─── Given records
text \<open>Green's congruence with respect to e on the partial S-set X \<otimes> R_e:
  \<alpha> ~ \<beta> iff for all s, \<alpha>se and \<beta>se are both undefined or both defined and equal.\<close>
definition greens_congruence :: "'s::semigroup_mult \<Rightarrow> ('x \<Rightarrow> 's \<Rightarrow> 'x) \<Rightarrow> (('x \<times> 's) set \<times> ('x \<times> 's) set) set" where
  "greens_congruence e act =
     {(\<alpha>, \<beta>). \<alpha> \<in> tensor e act \<and> \<beta> \<in> tensor e act \<and>
        (\<forall>s. Option.bind (tensor_act e act \<alpha> s) (\<lambda>\<gamma>. tensor_act e act \<gamma> e) =
             Option.bind (tensor_act e act \<beta> s) (\<lambda>\<gamma>. tensor_act e act \<gamma> e))}"

end

theory Submission
  imports Defs
begin

(* Write the two elements as x \<otimes> r and y \<otimes> t with r, t \<in> R_e. If they are Green-related,
   then r s and t s lie in R_e for the same s. Suppose L_r \<noteq> L_t. By L-separation there is an
   R-class R whose intersection with, say, L_r contains an idempotent f. Since r f = r, the element
   s = f v with r v = e gives r s = e, hence t f v \<in> R_e. Then t f lies in J, and the
   Clifford-Miller theorem, which needs stability of finite semigroups, puts an idempotent in
   R \<inter> L_t. This contradicts the choice of R, so r L t, i.e. t = g r for some g \<in> G_e. Then
   y \<otimes> t = y g \<otimes> r, and applying v and then e gives x \<otimes> e = y g \<otimes> e. Since the
   stabiliser of e in G_e is trivial, x = y g. *)

section \<open>Green's relations\<close>

lemma leR_refl [simp]: "leR a a"
  by (simp add: leR_def)

lemma leL_refl [simp]: "leL a a"
  by (simp add: leL_def)

lemma leR_mult: "leR (a * b) a"
  unfolding leR_def by blast

lemma leL_mult: "leL (a * b) b"
  unfolding leL_def by blast

lemma leR_trans: "leR a b \<Longrightarrow> leR b c \<Longrightarrow> leR a (c::'s::semigroup_mult)"
  unfolding leR_def by (metis mult.assoc)

lemma leL_trans: "leL a b \<Longrightarrow> leL b c \<Longrightarrow> leL a (c::'s::semigroup_mult)"
  unfolding leL_def by (metis mult.assoc)

lemma leJ_trans: "leJ a b \<Longrightarrow> leJ b c \<Longrightarrow> leJ a (c::'s::semigroup_mult)"
  unfolding leJ_def by (elim disjE exE; metis mult.assoc)

lemma leR_imp_leJ: "leR a b \<Longrightarrow> leJ a b"
  unfolding leR_def leJ_def by blast

lemma leL_imp_leJ: "leL a b \<Longrightarrow> leJ a b"
  unfolding leL_def leJ_def by blast

lemma greenR_refl [simp]: "greenR a a"
  by (simp add: greenR_def)

lemma greenL_refl [simp]: "greenL a a"
  by (simp add: greenL_def)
──────
## What is expected
The records shown earlier should all be returned verbatim.

## Task solution
text \<open>Green's congruence with respect to e on the partial S-set X \<otimes> R_e:
  \<alpha> ~ \<beta> iff for all s, \<alpha>se and \<beta>se are both undefined or both defined and equal.\<close>
definition greens_congruence :: "'s::semigroup_mult \<Rightarrow> ('x \<Rightarrow> 's \<Rightarrow> 'x) \<Rightarrow> (('x \<times> 's) set \<times> ('x \<times> 's) set) set" where
  "greens_congruence e act =
     {(\<alpha>, \<beta>). \<alpha> \<in> tensor e act \<and> \<beta> \<in> tensor e act \<and>
        (\<forall>s. Option.bind (tensor_act e act \<alpha> s) (\<lambda>\<gamma>. tensor_act e act \<gamma> e) =
             Option.bind (tensor_act e act \<beta> s) (\<lambda>\<gamma>. tensor_act e act \<gamma> e))}"

end

theory Submission
  imports Defs
begin

(* Write the two elements as x \<otimes> r and y \<otimes> t with r, t \<in> R_e. If they are Green-related,
   then r s and t s lie in R_e for the same s. Suppose L_r \<noteq> L_t. By L-separation there is an
   R-class R whose intersection with, say, L_r contains an idempotent f. Since r f = r, the element
   s = f v with r v = e gives r s = e, hence t f v \<in> R_e. Then t f lies in J, and the
   Clifford-Miller theorem, which needs stability of finite semigroups, puts an idempotent in
   R \<inter> L_t. This contradicts the choice of R, so r L t, i.e. t = g r for some g \<in> G_e. Then
   y \<otimes> t = y g \<otimes> r, and applying v and then e gives x \<otimes> e = y g \<otimes> e. Since the
   stabiliser of e in G_e is trivial, x = y g. *)

section \<open>Green's relations\<close>

lemma leR_refl [simp]: "leR a a"
  by (simp add: leR_def)

lemma leL_refl [simp]: "leL a a"
  by (simp add: leL_def)

lemma leR_mult: "leR (a * b) a"
  unfolding leR_def by blast

lemma leL_mult: "leL (a * b) b"
  unfolding leL_def by blast

lemma leR_trans: "leR a b \<Longrightarrow> leR b c \<Longrightarrow> leR a (c::'s::semigroup_mult)"
  unfolding leR_def by (metis mult.assoc)

lemma leL_trans: "leL a b \<Longrightarrow> leL b c \<Longrightarrow> leL a (c::'s::semigroup_mult)"
  unfolding leL_def by (metis mult.assoc)

lemma leJ_trans: "leJ a b \<Longrightarrow> leJ b c \<Longrightarrow> leJ a (c::'s::semigroup_mult)"
  unfolding leJ_def by (elim disjE exE; metis mult.assoc)

lemma leR_imp_leJ: "leR a b \<Longrightarrow> leJ a b"
  unfolding leR_def leJ_def by blast

lemma leL_imp_leJ: "leL a b \<Longrightarrow> leJ a b"
  unfolding leL_def leJ_def by blast

lemma greenR_refl [simp]: "greenR a a"
  by (simp add: greenR_def)

lemma greenL_refl [simp]: "greenL a a"
  by (simp add: greenL_def)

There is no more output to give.